Exercise: Beginning with the line that contains "using order_homogenize_le_1[OF subfield" in the material below, print each line exactly until the line that contains "using A(2) Q_nonzero" has been printed, then stop.

Data for review:

lemma two_pow_card_diff_le_card_base_orbit_if_saturated:
  assumes "finite E" and "E0 \<subseteq> E" and saturated: "base_orbit x E = base_orbit x E0"
    and "a \<in> carrier F" and "b \<in> carrier F"
    and noncommuting: "\<And>m. m \<in> E - E0 \<Longrightarrow>
      base (single m a) (base (single m b) x) \<noteq> base (single m b) (base (single m a) x)"
  shows "2 ^ card (E - E0) \<le> card (base_orbit x E)"
proof -
  have "finite E0"
    using assms(1,2) finite_subset by blast
  have doubling: "2 ^ card I \<le> card (base_orbit x I)" if "finite I" "I \<subseteq> E - E0" for I
    using that
  proof (induction I rule: finite_induct)
    case empty
    then show ?case
      using card_base_orbit_pos[of "{}" x] by simp
  next
    case (insert m I)
    have "I \<subseteq> E"
      using insert.prems by auto
    then have "base_orbit x I \<subseteq> base_orbit x E0"
      using base_orbit_mono[of I E x] saturated by simp
    moreover have "E0 \<inter> I = {}" and "m \<notin> E0" and "m \<in> E - E0"
      using insert.prems by auto
    ultimately obtain c where c: "c \<in> carrier F" "\<not> base (single m c) ` base_orbit x I \<subseteq> base_orbit x I"
      using base_singles_commute_at_if_invariant[OF \<open>finite E0\<close> insert.hyps(1), of m x a b]
        noncommuting[of m] insert.hyps(2) assms(4,5) by blast
    have "2 ^ card (insert m I) = 2 * 2 ^ card I"
      using insert.hyps by simp
    also have "\<dots> \<le> 2 * card (base_orbit x I)"
      using insert.IH insert.prems by simp
    also have "\<dots> \<le> card (base_orbit x (insert m I))"
      using insert.hyps c by (intro card_base_orbit_insert_ge_double)
    finally show ?case .
  qed
  have "2 ^ card (E - E0) \<le> card (base_orbit x (E - E0))"
    using doubling[of "E - E0"] assms(1) by simp
  also have "\<dots> \<le> card (base_orbit x E)"
    using assms(1) base_orbit_mono[of "E - E0" E x] by (intro card_mono finite_base_orbit) auto
  finally show ?thesis .
qed
lemma couplings_distr_map_prod:
  assumes C: "C \<in> couplings M1 M2" and sM1: "sets M1 = sets R" and sM2: "sets M2 = sets R"
    and f: "f \<in> measurable R R'"
  shows "distr C (R' \<Otimes>\<^sub>M R') (map_prod f f) \<in> couplings (distr M1 R' f) (distr M2 R' f)"
proof -
  have sC: "sets C = sets (M1 \<Otimes>\<^sub>M M2)" and probC: "prob_space C"
    and m1: "distr C M1 fst = M1" and m2: "distr C M2 snd = M2"
    using C unfolding couplings_def by auto
  have fstC: "fst \<in> measurable C M1" and sndC: "snd \<in> measurable C M2"
    by (simp_all add: measurable_cong_sets[OF sC refl])
  have fM1: "f \<in> measurable M1 R'" and fM2: "f \<in> measurable M2 R'"
    using f by (simp_all add: measurable_cong_sets[OF sM1 refl] measurable_cong_sets[OF sM2 refl])
  have T: "map_prod f f \<in> measurable C (R' \<Otimes>\<^sub>M R')"
    unfolding map_prod_def split_beta'
    by (intro measurable_Pair measurable_compose[OF fstC fM1] measurable_compose[OF sndC fM2])
  have fst': "fst \<in> measurable (R' \<Otimes>\<^sub>M R') (distr M1 R' f)"
    and snd': "snd \<in> measurable (R' \<Otimes>\<^sub>M R') (distr M2 R' f)"
    by (simp_all add: measurable_cong_sets[OF refl sets_distr])
  have "distr (distr C (R' \<Otimes>\<^sub>M R') (map_prod f f)) (distr M1 R' f) fst = distr C R' (f \<circ> fst)"
    by (subst distr_distr[OF fst' T]) (auto intro!: distr_cong)
  also have "\<dots> = distr M1 R' f"
    using distr_distr[OF fM1 fstC] by (simp add: m1)
  finally have marg1: "distr (distr C (R' \<Otimes>\<^sub>M R') (map_prod f f)) (distr M1 R' f) fst = distr M1 R' f" .
  have "distr (distr C (R' \<Otimes>\<^sub>M R') (map_prod f f)) (distr M2 R' f) snd = distr C R' (f \<circ> snd)"
    by (subst distr_distr[OF snd' T]) (auto intro!: distr_cong)
  also have "\<dots> = distr M2 R' f"
    using distr_distr[OF fM2 sndC] by (simp add: m2)
  finally have marg2: "distr (distr C (R' \<Otimes>\<^sub>M R') (map_prod f f)) (distr M2 R' f) snd = distr M2 R' f" .
  show ?thesis
    unfolding couplings_def
    using marg1 marg2 prob_space.prob_space_distr[OF probC T]
    by (auto intro!: sets_pair_measure_cong)
qed
text \<open>At a root \<open>r\<close> of \<open>F\<close> that is not the pole of \<open>v\<close>, the right-hand side of the relation
  above vanishes to order at most 1, the left-hand side to order \<open>m\<close> modulo \<open>n\<close>.\<close>

lemma power_exponent_le_1:
  assumes ac: "alg_closed_subfield k"
    and F: "poly_over k F" "rsquarefree F" "degree F \<ge> 2"
    and A: "poly_over k A" "A \<noteq> 0" and B: "poly_over k B" "B \<noteq> 0"
    and y_power_n: "y ^ n = poly F x" and u_power_n: "(poly A x / poly B x * y ^ m) ^ n = poly F v"
    and m: "m < n"
  shows "m \<le> 1"
proof -
  obtain r1 r2 where "r1 \<in> k" "r2 \<in> k" "r1 \<noteq> r2" "poly F r1 = 0" "poly F r2 = 0"
    by (rule rsquarefree_two_roots[OF ac F])
  then obtain r where r: "r \<in> k" "poly F r = 0" "poly Q r \<noteq> 0"
    using denominator_root_unique by blast
  define H where "H = homogenize F P Q (degree F)"
  have H: "H \<noteq> 0" "order r H \<le> 1"
    using order_homogenize_le_1[OF subfield x_transcendental F(1,2) _ P Q(1) Q_nonzero r(1,3)]
      fibre_order_eq_1[OF r(1,3)] F(3)
    unfolding H_def by auto
  have "F \<noteq> 0" using F(2) unfolding rsquarefree_def by simp
  then have "order r (A ^ n * F ^ m * Q ^ degree F)
      = n * order r A + m * order r F + degree F * order r Q"
    using A(2) Q_nonzero by (simp add: order_mult order_power)
  then have "order r (A ^ n * F ^ m * Q ^ degree F) = n * order r A + m"
    using rsquarefree_root_order[OF F(2) r(2) \<open>F \<noteq> 0\<close>] order_0I[OF r(3)] by simp
  moreover have "order r (B ^ n * H) = n * order r B + order r H"
    using H B(2) by (simp add: order_mult order_power)
  ultimately have "n * order r A + m = n * order r B + order r H"
    using homogenized_power_relation[OF F(1) A(1) B y_power_n u_power_n] unfolding H_def by simp
  then show "m \<le> 1" using H(2) m by (rule remainder_le_1_of_mult_add_eq)
qed

end

section \<open>Rational superelliptic curves\<close>

lemma fraction_eq_iff_cross_mult:
  assumes sf: "is_subfield k" and tz: "transcendental_over k z"
    and C: "poly_over k C" "poly_over k D" "D \<noteq> 0" and C': "poly_over k C'" "poly_over k D'" "D' \<noteq> 0"
  shows "poly C z / poly D z = poly C' z / poly D' z \<longleftrightarrow> C * D' = C' * D"
proof -
  have "poly D z \<noteq> 0" "poly D' z \<noteq> 0" using transcendental_poly_nonzero[OF tz] C C' by auto
  then have "poly C z / poly D z = poly C' z / poly D' z \<longleftrightarrow> poly (C * D') z = poly (C' * D) z"
    by (simp add: frac_eq_eq)
  also have "\<dots> \<longleftrightarrow> C * D' = C' * D"
    using transcendental_poly_eq[OF tz sf poly_over_mult[OF sf C(1) C'(2)] poly_over_mult[OF sf C'(1) C(2)]]
    by (auto simp del: poly_mult)
  finally show ?thesis .
qed

definition rational_substitution :: "'a::field set \<Rightarrow> 'a \<Rightarrow> 'a \<Rightarrow> 'a \<Rightarrow> 'a" where
  "rational_substitution k z w a = (SOME c. \<exists>C D. poly_over k C \<and> poly_over k D \<and> D \<noteq> 0 \<and>
     a = poly C z / poly D z \<and> c = poly C w / poly D w)"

Solution to this exercise:
    using order_homogenize_le_1[OF subfield x_transcendental F(1,2) _ P Q(1) Q_nonzero r(1,3)]
      fibre_order_eq_1[OF r(1,3)] F(3)
    unfolding H_def by auto
  have "F \<noteq> 0" using F(2) unfolding rsquarefree_def by simp
  then have "order r (A ^ n * F ^ m * Q ^ degree F)
      = n * order r A + m * order r F + degree F * order r Q"
    using A(2) Q_nonzero by (simp add: order_mult order_power)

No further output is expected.